While he understands it's a unique and unprecedented situation, Bathurst Panthers' big man Josh Starling says Group 10 is moving too fast with its decision-making processes regarding the commencement date and season structure in 2020.
The competition is proposing a July 18 kick-off but the feasibility of that date rests largely on whether or not crowds will be allowed into the playing fields and instead of rushing to throw together plans and ideas, Starling thinks it would be better off if Group 10 took a leaf out of the Woodbridge Cup's book.
Its president Andrew Pull said on Thursday that he's putting all meetings and decisions on hold until at least June and let the ever-changing government rules and regulations run their course and the former Manly Sea Eagles' prop is a fan of that sort of approach.
"It's called common sense... anyone would tell you not to make a decision until we know what's going on," Starling said.
"There's been two meetings so far and they've both had the same outcome and that's because they don't know if they'll be allowed to have crowds."
Not only does he think the planning's premature, Starling's concerned about the financial implications of a shortened 2020 season on some of the less-fortunate clubs.

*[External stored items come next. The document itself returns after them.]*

text \<open>The point e is the supremum of the types below \<theta> where M sells more, or tlo if there
  is none; left continuity keeps it strictly below \<theta>.\<close>

lemma exists_rent_ge_below:
  assumes \<theta>: "\<theta> \<in> {tlo..thi}" and gap: "Q \<theta> < Qt \<theta>"
  shows "\<exists>e. tlo \<le> e \<and> e < \<theta> \<and> ut e \<le> u e \<and> (\<forall>x\<in>{e<..\<theta>}. Q x \<le> Qt x)"
proof -
  define E where "E = {x \<in> {tlo..\<theta>}. Qt x < Q x}"
  show ?thesis
  proof (cases "E = {}")
    case True
    then have "Q tlo \<le> Qt tlo" "\<forall>x\<in>{tlo<..\<theta>}. Q x \<le> Qt x"
      using \<theta> unfolding E_def by auto
    moreover from this have "tlo < \<theta>"
      using rent_ge_at_tlo(1) gap \<theta> by (cases "tlo = \<theta>") auto
    ultimately show ?thesis
      using rent_ge_at_tlo(2) by blast
  next
    case False
    define e where "e = Sup E"
    have bdd: "bdd_above E"
      unfolding E_def by (rule bdd_aboveI[of _ \<theta>]) auto
    have E_sub: "E \<subseteq> {tlo..\<theta>}" "\<theta> \<notin> E"
      using gap unfolding E_def by auto
    obtain x1 where x1: "x1 \<in> E"
      using False by blast
    have e_range: "tlo \<le> e" "e \<le> \<theta>"
      using cSup_upper[OF x1 bdd] x1 E_sub(1) unfolding e_def by (auto intro!: cSup_least[OF False])
    have above: "\<forall>x\<in>{e<..\<theta>}. Q x \<le> Qt x"
    proof
      fix x assume x: "x \<in> {e<..\<theta>}"
      then have "x \<notin> E"
        using cSup_upper[OF _ bdd, of x] unfolding e_def by force
      then show "Q x \<le> Qt x"
        using x e_range unfolding E_def by auto
    qed
    have "e < \<theta>"
    proof (rule ccontr)
      assume "\<not> e < \<theta>"
      then have e_eq: "e = \<theta>" using e_range by simp
      have "tlo < \<theta>"
        using x1 E_sub by (cases "x1 = \<theta>") auto
      then obtain b where b: "b < \<theta>" "\<forall>y. b < y \<and> y < \<theta> \<longrightarrow> 0 < Qt y - Q y"
        using Q_gap_eventually_left[of \<theta> 0] \<theta> gap by auto
      obtain y where "y \<in> E" "b < y"
        using less_cSupD[OF False, of b] b e_eq unfolding e_def by auto
      then show False
        using b E_sub unfolding E_def by (cases "y = \<theta>") auto
    qed
    moreover have "ut e \<le> u e"
    proof -
      have "E \<subseteq> {x \<in> {tlo..thi}. ut x \<le> u x}"
        using rent_ge_where_Q_greater \<theta> unfolding E_def by auto
      moreover have "closed {x \<in> {tlo..thi}. ut x \<le> u x}"
        using continuous_on_utilities by (intro continuous_on_closed_Collect_le) auto
      ultimately have "closure E \<subseteq> {x \<in> {tlo..thi}. ut x \<le> u x}"
        by (rule closure_minimal)
      then show ?thesis
        using closure_contains_Sup[OF False bdd] unfolding e_def by auto
    qed
    ultimately show ?thesis
      using e_range above by blast
  qed
qed

end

"I think you've got to look at the longevity of the competition," he said.
"You might ruin a few clubs by trying to do it this year and everyone knows clubs would be in trouble without crowds."

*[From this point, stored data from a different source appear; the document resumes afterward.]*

text \<open>Write A = Z Z^T - E Z Z^T, S = sum_i sigma_i^2 and m = max_i sigma_i = sigma_k.
  Testing the quadratic form of A on the normalised first column z of Z gives
  norm A >= |z|^2 - p2 m^2, hence E norm A >= S - p2 m^2.  Testing the k-th column of A against
  the unit vector sigma / sqrt S gives norm A >= sum_i sigma_i |A_ik| / sqrt S.  Each A_ik is a sum
  of p2 independent centred products of Gaussians whose fourth moment is at most 18 times the
  square of its second moment, so E |A_ik| >= sqrt p2 sigma_i sigma_k / 6 and therefore
  E norm A >= sqrt (p2 S) m / 6.  Whichever of S and sqrt (p2 S) m dominates, one of the two
  bounds yields E norm A >= (S + sqrt (p2 S) m) / 16.\<close>

section \<open>Spectral norm\<close>

lemma spec_norm_eq_Sup_L2_set:
  "spec_norm n m A = Sup {L2_set (\<lambda>i. \<Sum>j<m. A i j * x j) {..<n} | x. (\<Sum>j<m. (x j)\<^sup>2) \<le> 1}"
  unfolding spec_norm_def L2_set_def by simp

lemma L2_set_matrix_vector_le_sum_abs:
  fixes A :: "nat \<Rightarrow> nat \<Rightarrow> real"
  assumes "(\<Sum>j<m. (x j)\<^sup>2) \<le> 1"
  shows "L2_set (\<lambda>i. \<Sum>j<m. A i j * x j) {..<n} \<le> (\<Sum>i<n. \<Sum>j<m. \<bar>A i j\<bar>)"
proof -
  have x_le_1: "\<bar>x j\<bar> \<le> 1" if "j < m" for j
  proof -
    have "(x j)\<^sup>2 \<le> (\<Sum>j<m. (x j)\<^sup>2)"
      using that by (intro member_le_sum) auto
    then have "(x j)\<^sup>2 \<le> 1" using assms by linarith
    then show ?thesis by (simp add: abs_square_le_1)
  qed
  have "L2_set (\<lambda>i. \<Sum>j<m. A i j * x j) {..<n} \<le> (\<Sum>i<n. \<bar>\<Sum>j<m. A i j * x j\<bar>)"
    by (rule L2_set_le_sum_abs)
  also have "\<dots> \<le> (\<Sum>i<n. \<Sum>j<m. \<bar>A i j\<bar>)"
  proof (intro sum_mono)
    fix i
    have "\<bar>\<Sum>j<m. A i j * x j\<bar> \<le> (\<Sum>j<m. \<bar>A i j * x j\<bar>)"
      by (rule sum_abs)
    also have "\<dots> \<le> (\<Sum>j<m. \<bar>A i j\<bar>)"
      by (intro sum_mono) (auto simp: abs_mult intro: mult_left_le[OF x_le_1])
    finally show "\<bar>\<Sum>j<m. A i j * x j\<bar> \<le> (\<Sum>j<m. \<bar>A i j\<bar>)" .
  qed
  finally show ?thesis .
qed
lemma discrete_delay_gronwall:
  fixes e :: "int \<Rightarrow> real" and r :: "int \<Rightarrow> int"
  assumes init: "\<And>j. - K \<le> j \<Longrightarrow> j \<le> 0 \<Longrightarrow> e j = 0"
    and delayed: "\<And>n. 0 \<le> n \<Longrightarrow> - K \<le> r n \<and> r n \<le> n"
    and step: "\<And>n. 0 \<le> n \<Longrightarrow> n < N \<Longrightarrow> \<bar>e (n + 1)\<bar> \<le> \<bar>e n\<bar> + b * \<bar>e (r n)\<bar> + c"
    and bc: "0 \<le> b" "0 \<le> c"
  shows "int p \<le> N \<Longrightarrow> - K \<le> j \<Longrightarrow> j \<le> int p \<Longrightarrow> \<bar>e j\<bar> \<le> real p * c * (1 + b) ^ p"
proof (induction p arbitrary: j)
  case 0
  then show ?case using init by simp
next
  case (Suc p)
  have IH: "\<bar>e i\<bar> \<le> real p * c * (1 + b) ^ p" if "- K \<le> i" "i \<le> int p" for i
    using Suc.IH Suc.prems(1) that by simp
  have grow: "real p * c * (1 + b) ^ p \<le> real (Suc p) * c * (1 + b) ^ Suc p"
    using bc by (intro mult_mono power_increasing) auto
  show ?case
  proof (cases "j \<le> int p")
    case True
    then show ?thesis using IH[of j] Suc.prems grow by simp
  next
    case False
    then have j: "j = int p + 1" using Suc.prems by simp
    have "\<bar>e (int p + 1)\<bar> \<le> \<bar>e (int p)\<bar> + b * \<bar>e (r (int p))\<bar> + c"
      using Suc.prems by (intro step) auto
    also have "\<dots> \<le> real p * c * (1 + b) ^ p + b * (real p * c * (1 + b) ^ p) + c"
      using IH[of "int p"] IH[of "r (int p)"] delayed[of "int p"] Suc.prems bc
      by (intro add_mono mult_left_mono) auto
    also have "\<dots> = real p * c * (1 + b) ^ Suc p + c" by (simp add: algebra_simps)
    also have "\<dots> \<le> real (Suc p) * c * (1 + b) ^ Suc p"
      using mult_left_mono[OF one_le_power[of "1 + b" "Suc p"] bc(2)] bc by (simp add: algebra_simps)
    finally show ?thesis unfolding j .
  qed
qed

Group 10 president Linore Zamparini isn't blind to the importance of spectators at matches and not only does he want crowds to be allowed in the door as much as anyone, he wants to be able to help out the clubs that are doing it tough.
"Clubs are hurting right now... they're bleeding," he said.
"The teams want to play but they don't want to do it without crowds."
Since moving from the Illawarra region to the Central West, Starling's been impressed with the quality of footy but knows you don't get that quality without forking out some coin.
"This is a strong competition and to get a strong competition you've got to pay people to play," he said.
"There's a lot of people out there who won't risk an injury for free.
"It's not like when you're a kid and you can go to school and when you get home you've got your parents looking after you... the majority of the people who play need to be on their feet to work and wouldn't want to risk an injury without being paid."
From a personal standpoint, Starling's had a tough time getting motivated without a return date fully confirmed but he's been doing what he can to stay in good condition.
"You do as much as you can but it's pretty hard when you're not sure when you'll be playing," he said.
Starling's got the itch to play in 2020 and he knows a host of other players do as well but he's not prepared to do it at the detriment of another club.
"I'm sure there's a thousand blokes who want to play but you've got to think of what's best for the clubs," he said.
"Everyone wants to get out there and play footy because we all love it but it shouldn't be at the expense of a club."